YOUR ASSIGNMENT:
Which lines run from the line with "by (rule sum.mono_neutral_left)" through the line with "proof (rule sum.cong[OF refl])" in the entries below? Print them exactly, both ends included, and nothing more.

THE DATA:

lemma has_integral_phase_kernel_power:
  assumes "k \<ge> 1"
  shows "((\<lambda>t. phase_kernel a t ^ Suc k * complex_of_real ((1 - t) ^ (k - 1)))
          has_integral phase_kernel a 0 ^ k * phase_kernel a 1 / of_nat k) {0..1}"
proof (cases "a \<in> \<real>")
  case True
  then show ?thesis using assms by (simp add: phase_kernel_real zero_power)
next
  case False
  then have "a \<noteq> 0" "a \<noteq> 1" by auto
  define d where "d = cnj a - a"
  have "((\<lambda>t. d ^ (k + 1) * (complex_of_real ((1 - t) ^ (k - 1)) / (a - of_real t) ^ (k + 1)))
          has_integral d ^ (k + 1) * (1 / (of_nat k * a ^ k * (a - 1)))) {0..1}"
    by (intro has_integral_mult_right has_integral_one_minus_power_div_power False assms)
  moreover have "d ^ (k + 1) * (1 / (of_nat k * a ^ k * (a - 1)))
      = phase_kernel a 0 ^ k * phase_kernel a 1 / of_nat k"
    using \<open>a \<noteq> 0\<close> \<open>a \<noteq> 1\<close> by (simp add: phase_kernel_def d_def power_divide field_simps)
  ultimately show ?thesis
    by (simp add: phase_kernel_def d_def power_divide)
qed

lemma sum_binomial_from_1:
  fixes x :: "'a::comm_ring_1"
  shows "(\<Sum>k = 1..n. of_nat (n choose k) * x ^ k) = (1 + x) ^ n - 1"
proof -
  have "(x + 1) ^ n = (\<Sum>k\<le>n. of_nat (n choose k) * x ^ k)"
    by (simp add: binomial_ring)
  also have "\<dots> = 1 + (\<Sum>k = 1..n. of_nat (n choose k) * x ^ k)"
    by (simp add: atMost_atLeast0 sum.atLeast_Suc_atMost)
  finally show ?thesis by (simp add: add.commute)
qed

lemma sum_binomial_shifted_power:
  fixes h :: "'a::comm_ring_1"
  assumes "Suc k \<le> m"
  shows "(\<Sum>j = 1..m. of_nat (Suc k choose j) * h ^ j * (-1) ^ (Suc k - j))
         = (h - 1) ^ Suc k - (-1) ^ Suc k"
proof -
  have "(h + (-1)) ^ Suc k = (\<Sum>j\<le>Suc k. of_nat (Suc k choose j) * h ^ j * (-1) ^ (Suc k - j))"
    by (rule binomial_ring)
  also have "\<dots> = (-1) ^ Suc k + (\<Sum>j = 1..Suc k. of_nat (Suc k choose j) * h ^ j * (-1) ^ (Suc k - j))"
    by (simp add: atMost_atLeast0 sum.atLeast_Suc_atMost del: sum.cl_ivl_Suc)
  also have "(\<Sum>j = 1..Suc k. of_nat (Suc k choose j) * h ^ j * (-1) ^ (Suc k - j))
      = (\<Sum>j = 1..m. of_nat (Suc k choose j) * h ^ j * (-1) ^ (Suc k - j))"
    by (rule sum.mono_neutral_left) (use assms in \<open>auto simp: binomial_eq_0\<close>)
  finally show ?thesis by simp
qed

lemma sum_binomial_shifted_power_scaled:
  fixes p h r :: "'a::comm_ring_1"
  assumes "Suc k \<le> m"
  shows "(\<Sum>j = 1..m. of_nat (Suc k choose j) * (-1) ^ (Suc k - j) * p ^ (m - j) * ((p * h) ^ j * r))
         = p ^ m * ((h - 1) ^ Suc k - (-1) ^ Suc k) * r"
proof -
  have "(\<Sum>j = 1..m. of_nat (Suc k choose j) * (-1) ^ (Suc k - j) * p ^ (m - j) * ((p * h) ^ j * r))
      = p ^ m * r * (\<Sum>j = 1..m. of_nat (Suc k choose j) * h ^ j * (-1) ^ (Suc k - j))"
    unfolding sum_distrib_left
  proof (rule sum.cong[OF refl])
    fix j assume "j \<in> {1..m}"
    then have "p ^ (m - j) * p ^ j = p ^ m" by (simp flip: power_add)
    then show "of_nat (Suc k choose j) * (-1) ^ (Suc k - j) * p ^ (m - j) * ((p * h) ^ j * r)
        = p ^ m * r * (of_nat (Suc k choose j) * h ^ j * (-1) ^ (Suc k - j))"
      by (simp add: power_mult_distrib mult_ac flip: \<open>p ^ (m - j) * p ^ j = p ^ m\<close>)
  qed
  also have "\<dots> = p ^ m * r * ((h - 1) ^ Suc k - (-1) ^ Suc k)"
    by (simp only: sum_binomial_shifted_power[OF assms])
  finally show ?thesis by (simp only: mult_ac)
qed

lemma sum_binomial_from_1_combination:
  fixes x y :: "'a::comm_ring_1"
  assumes "n \<ge> 1"
  shows "(\<Sum>k = 1..n. of_nat (n choose k) * (x ^ k * y - (-1) ^ Suc k)) = ((1 + x) ^ n - 1) * y - 1"
proof -
  have "(\<Sum>k = 1..n. of_nat (n choose k) * (-1) ^ k) = (1 + (-1 :: 'a)) ^ n - 1"
    by (rule sum_binomial_from_1)
  then have "(\<Sum>k = 1..n. of_nat (n choose k) * (-1) ^ Suc k) = (1 :: 'a)"
    using assms by (simp add: sum_negf power_0_left)
  then have "(\<Sum>k = 1..n. of_nat (n choose k) * (x ^ k * y - (-1) ^ Suc k))
      = (\<Sum>k = 1..n. of_nat (n choose k) * x ^ k) * y - 1"
    by (simp only: right_diff_distrib sum_subtractf sum_distrib_right mult.assoc)
  then show ?thesis by (simp only: sum_binomial_from_1)
qed

lemma phase_moment_identity:
  assumes "w0 \<noteq> 0" "w \<noteq> 0" "w \<noteq> w0" "k \<ge> 1" "Suc k \<le> m"
  shows "(\<Sum>j = 1..m. of_nat (Suc k choose j) * (-1) ^ (Suc k - j) * phase w0 ^ (m - j) *
            integral {0..1} (\<lambda>t. phase (w - w0 * of_real t) ^ j * of_real ((1 - t) ^ (k - 1))))
         = phase w0 ^ m * ((phase w / phase w0 - 1) ^ k * (phase (w - w0) / phase w0 - 1)
                            - (-1) ^ Suc k) / of_nat k"
proof -
  define b where "b = w / w0"
  define p where "p = phase w0"
  define r where "r t = complex_of_real ((1 - t) ^ (k - 1))" for t :: real
  define G where "G t = p * (1 + phase_kernel b t)" for t
  have "p \<noteq> 0" using assms(1) by (simp add: p_def)
  have "b \<noteq> 0" "b \<noteq> 1" using assms(1-3) by (auto simp: b_def)
  note phase_shift = phase_diff_mult_of_real[OF assms(1), of _ w, folded b_def p_def]
  have kernel_0: "phase w / p - 1 = phase_kernel b 0"
    using phase_shift[of 0] \<open>b \<noteq> 0\<close> \<open>p \<noteq> 0\<close> by (simp add: G_def)
  have kernel_1: "phase (w - w0) / p - 1 = phase_kernel b 1"
    using phase_shift[of 1] \<open>b \<noteq> 1\<close> \<open>p \<noteq> 0\<close> by (simp add: G_def)
  have integral_eq: "integral {0..1} (\<lambda>t. phase (w - w0 * of_real t) ^ j * r t)
      = integral {0..1} (\<lambda>t. G t ^ j * r t)" for j
  proof (rule integral_spike)
    show "negligible {t. of_real t = b}"
      by (rule negligible_subset[of "{Re b}"]) auto
  qed (use phase_shift in \<open>auto simp: G_def\<close>)
  have "(\<lambda>t. G t ^ j * r t) integrable_on {0..1}" for j
    unfolding G_def r_def
    by (intro integrable_continuous_real continuous_intros continuous_on_phase_kernel)
  then have integral_sum:
    "((\<lambda>t. \<Sum>j = 1..m. of_nat (Suc k choose j) * (-1) ^ (Suc k - j) * p ^ (m - j) * (G t ^ j * r t))
      has_integral (\<Sum>j = 1..m. of_nat (Suc k choose j) * (-1) ^ (Suc k - j) * p ^ (m - j) *
                      integral {0..1} (\<lambda>t. G t ^ j * r t))) {0..1}"
    by (intro has_integral_sum has_integral_mult_right integrable_integral) simp
  have integral_closed_form:
    "((\<lambda>t. \<Sum>j = 1..m. of_nat (Suc k choose j) * (-1) ^ (Suc k - j) * p ^ (m - j) * (G t ^ j * r t))
      has_integral p ^ m * (phase_kernel b 0 ^ k * phase_kernel b 1 / of_nat k - (-1) ^ Suc k * (1 / of_nat k)))
      {0..1}"
    unfolding G_def sum_binomial_shifted_power_scaled[OF assms(5)]
    unfolding r_def add_diff_cancel_left' right_diff_distrib left_diff_distrib mult.assoc
    by (intro has_integral_mult_right has_integral_diff has_integral_phase_kernel_power
        has_integral_one_minus_power assms(4))
  show ?thesis
    using has_integral_unique[OF integral_sum integral_closed_form] assms(4)
    unfolding p_def[symmetric] integral_eq[unfolded r_def] kernel_0 kernel_1
    by (simp add: r_def) (simp add: field_simps)
qed
(* Let $Q_{\mathcal A}=\{(\alpha,U_\alpha):\alpha\in\mathcal{A}(M)\text{ extendible}\}$, where $U_\alpha$ is the largest open set with $(\alpha,U_\alpha)\in\mathrm{EX}(M)$. Then the topological boundary $\partial\iota_{Q_{\mathcal A}}(M)$ of $\iota_{Q_{\mathcal A}}(M)$ in $Q_{\mathcal A}(M)$ is in bijective correspondence with the quotient $\mathcal{B}(M)/\!\equiv$, where $\mathcal{B}(M)=\{(\alpha,U,\{p\}):(\alpha,U)\in\mathrm{EX}(M),\ p\in B(\alpha)\cap U\}$ is the set of all boundary points.
   Context: Conventions: $M$ is an $n$-dimensional smooth manifold (Hausdorff, second countable) with maximal $C^\infty$ atlas $\mathcal{A}(M)$; every chart $\alpha$ has open domain $\mathrm{dom}(\alpha)\subset M$ and open range $\mathrm{ran}(\alpha)\subset\mathbb{R}^n$. For $A\subset\mathbb{R}^n$, $\partial A$ is its boundary in $\mathbb{R}^n$; for $A\subset U\subset\mathbb{R}^n$, $\partial_U A$ is the boundary of $A$ relative to $U$. An admissible boundary point of $\alpha$ is a $p\in\partial\,\mathrm{ran}(\alpha)$ such that every sequence $(x_i)\subset\mathrm{dom}(\alpha)$ with $\alpha(x_i)\to p$ has no accumulation point in $M$; $B(\alpha)$ is the set of these. An extension is a pair $(\alpha,U)$, $U\subset\mathbb{R}^n$ open, $\mathrm{ran}(\alpha)\subset U$, $\emptyset\ne\partial_U\mathrm{ran}(\alpha)\subset B(\alpha)$; $\mathrm{EX}(M)$ is the set of extensions; $\alpha$ is extendible if it has an extension, and then there is a unique largest such $U$. A boundary set is $(\alpha,U,V)$ with $(\alpha,U)\in\mathrm{EX}(M)$, $V\subset B(\alpha)\cap U$ (a boundary point if $V=\{p\}$). $(\alpha,U,V)$ covers $(\beta,X,Y)$ if for every sequence $(y_i)\subset\mathrm{dom}(\beta)$ with $(\beta(y_i))$ having an accumulation point in $Y$ there is a subsequence $(v_i)\subset\mathrm{dom}(\alpha)$ of $(y_i)$ with $(\alpha(v_i))$ having an accumulation point in $V$; they are equivalent, $\equiv$, if each covers the other. Completion: for $Q\subset\mathrm{EX}(M)$ let $P=\{(\alpha,\mathrm{ran}(\alpha)):\alpha\in\mathcal{A}(M)\}$, $S_Q=P\cup Q$, $N_{(\alpha,U)}=\mathrm{ran}(\alpha)\cup\partial_U\mathrm{ran}(\alpha)$ with subspace topology of $\mathbb{R}^n$, $N_Q=\bigsqcup_{(\alpha,U)\in S_Q}N_{(\alpha,U)}$ with disjoint-union topology. Identify $x\in N_{(\alpha,U)}$ with $y\in N_{(\beta,X)}$ iff either $x\in\mathrm{ran}(\alpha)$, $y\in\mathrm{ran}(\beta)$, $\beta\circ\alpha^{-1}(x)=y$, or $x\in\partial_U\mathrm{ran}(\alpha)$, $y\in\partial_X\mathrm{ran}(\beta)$, $(\alpha,U,\{x\})\equiv(\beta,X,\{y\})$. $Q(M)$ is the quotient space, $q:N_Q\to Q(M)$ the quotient map, and $\iota_Q:M\to Q(M)$, $\iota_Q(x)=q(\alpha(x))$ for any $\alpha\in\mathcal{A}(M)$ with $x\in\mathrm{dom}(\alpha)$. *)

theory Defs
  imports "HOL-Analysis.Analysis"
begin

coinductive smooth_real_on :: "(real^'n) set \<Rightarrow> (real^'n \<Rightarrow> real) \<Rightarrow> bool" for U where
  "continuous_on U g \<Longrightarrow>
   (\<forall>i. \<exists>d. (\<forall>x\<in>U. ((\<lambda>t. g (x + t *\<^sub>R axis i 1)) has_real_derivative d x) (at 0))
             \<and> smooth_real_on U d)
   \<Longrightarrow> smooth_real_on U g"

definition smooth_on :: "(real^'n) set \<Rightarrow> (real^'n \<Rightarrow> real^'m) \<Rightarrow> bool" where
  "smooth_on U f \<longleftrightarrow> (\<forall>j. smooth_real_on U (\<lambda>x. f x $ j))"

type_synonym ('a,'n) chart = "'a set \<times> ('a \<Rightarrow> real^'n)"

definition cdom :: "('a,'n) chart \<Rightarrow> 'a set" where "cdom \<alpha> = fst \<alpha>"
definition cmap :: "('a,'n) chart \<Rightarrow> 'a \<Rightarrow> real^'n" where "cmap \<alpha> = snd \<alpha>"
definition cran :: "('a,'n) chart \<Rightarrow> (real^'n) set" where "cran \<alpha> = cmap \<alpha> ` cdom \<alpha>"
definition cinv :: "('a,'n) chart \<Rightarrow> real^'n \<Rightarrow> 'a" where "cinv \<alpha> = inv_into (cdom \<alpha>) (cmap \<alpha>)"

definition is_chart :: "('a::topological_space,'n::finite) chart \<Rightarrow> bool" where
  "is_chart \<alpha> \<longleftrightarrow> open (cdom \<alpha>) \<and> open (cran \<alpha>) \<and>
     homeomorphism (cdom \<alpha>) (cran \<alpha>) (cmap \<alpha>) (cinv \<alpha>)"

definition smooth_compatible :: "('a,'n::finite) chart \<Rightarrow> ('a,'n) chart \<Rightarrow> bool" where
  "smooth_compatible \<alpha> \<beta> \<longleftrightarrow>
     smooth_on (cmap \<alpha> ` (cdom \<alpha> \<inter> cdom \<beta>)) (cmap \<beta> \<circ> cinv \<alpha>) \<and>
     smooth_on (cmap \<beta> ` (cdom \<alpha> \<inter> cdom \<beta>)) (cmap \<alpha> \<circ> cinv \<beta>)"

WORKED SOLUTION:
    by (rule sum.mono_neutral_left) (use assms in \<open>auto simp: binomial_eq_0\<close>)
  finally show ?thesis by simp
qed

lemma sum_binomial_shifted_power_scaled:
  fixes p h r :: "'a::comm_ring_1"
  assumes "Suc k \<le> m"
  shows "(\<Sum>j = 1..m. of_nat (Suc k choose j) * (-1) ^ (Suc k - j) * p ^ (m - j) * ((p * h) ^ j * r))
         = p ^ m * ((h - 1) ^ Suc k - (-1) ^ Suc k) * r"
proof -
  have "(\<Sum>j = 1..m. of_nat (Suc k choose j) * (-1) ^ (Suc k - j) * p ^ (m - j) * ((p * h) ^ j * r))
      = p ^ m * r * (\<Sum>j = 1..m. of_nat (Suc k choose j) * h ^ j * (-1) ^ (Suc k - j))"
    unfolding sum_distrib_left
  proof (rule sum.cong[OF refl])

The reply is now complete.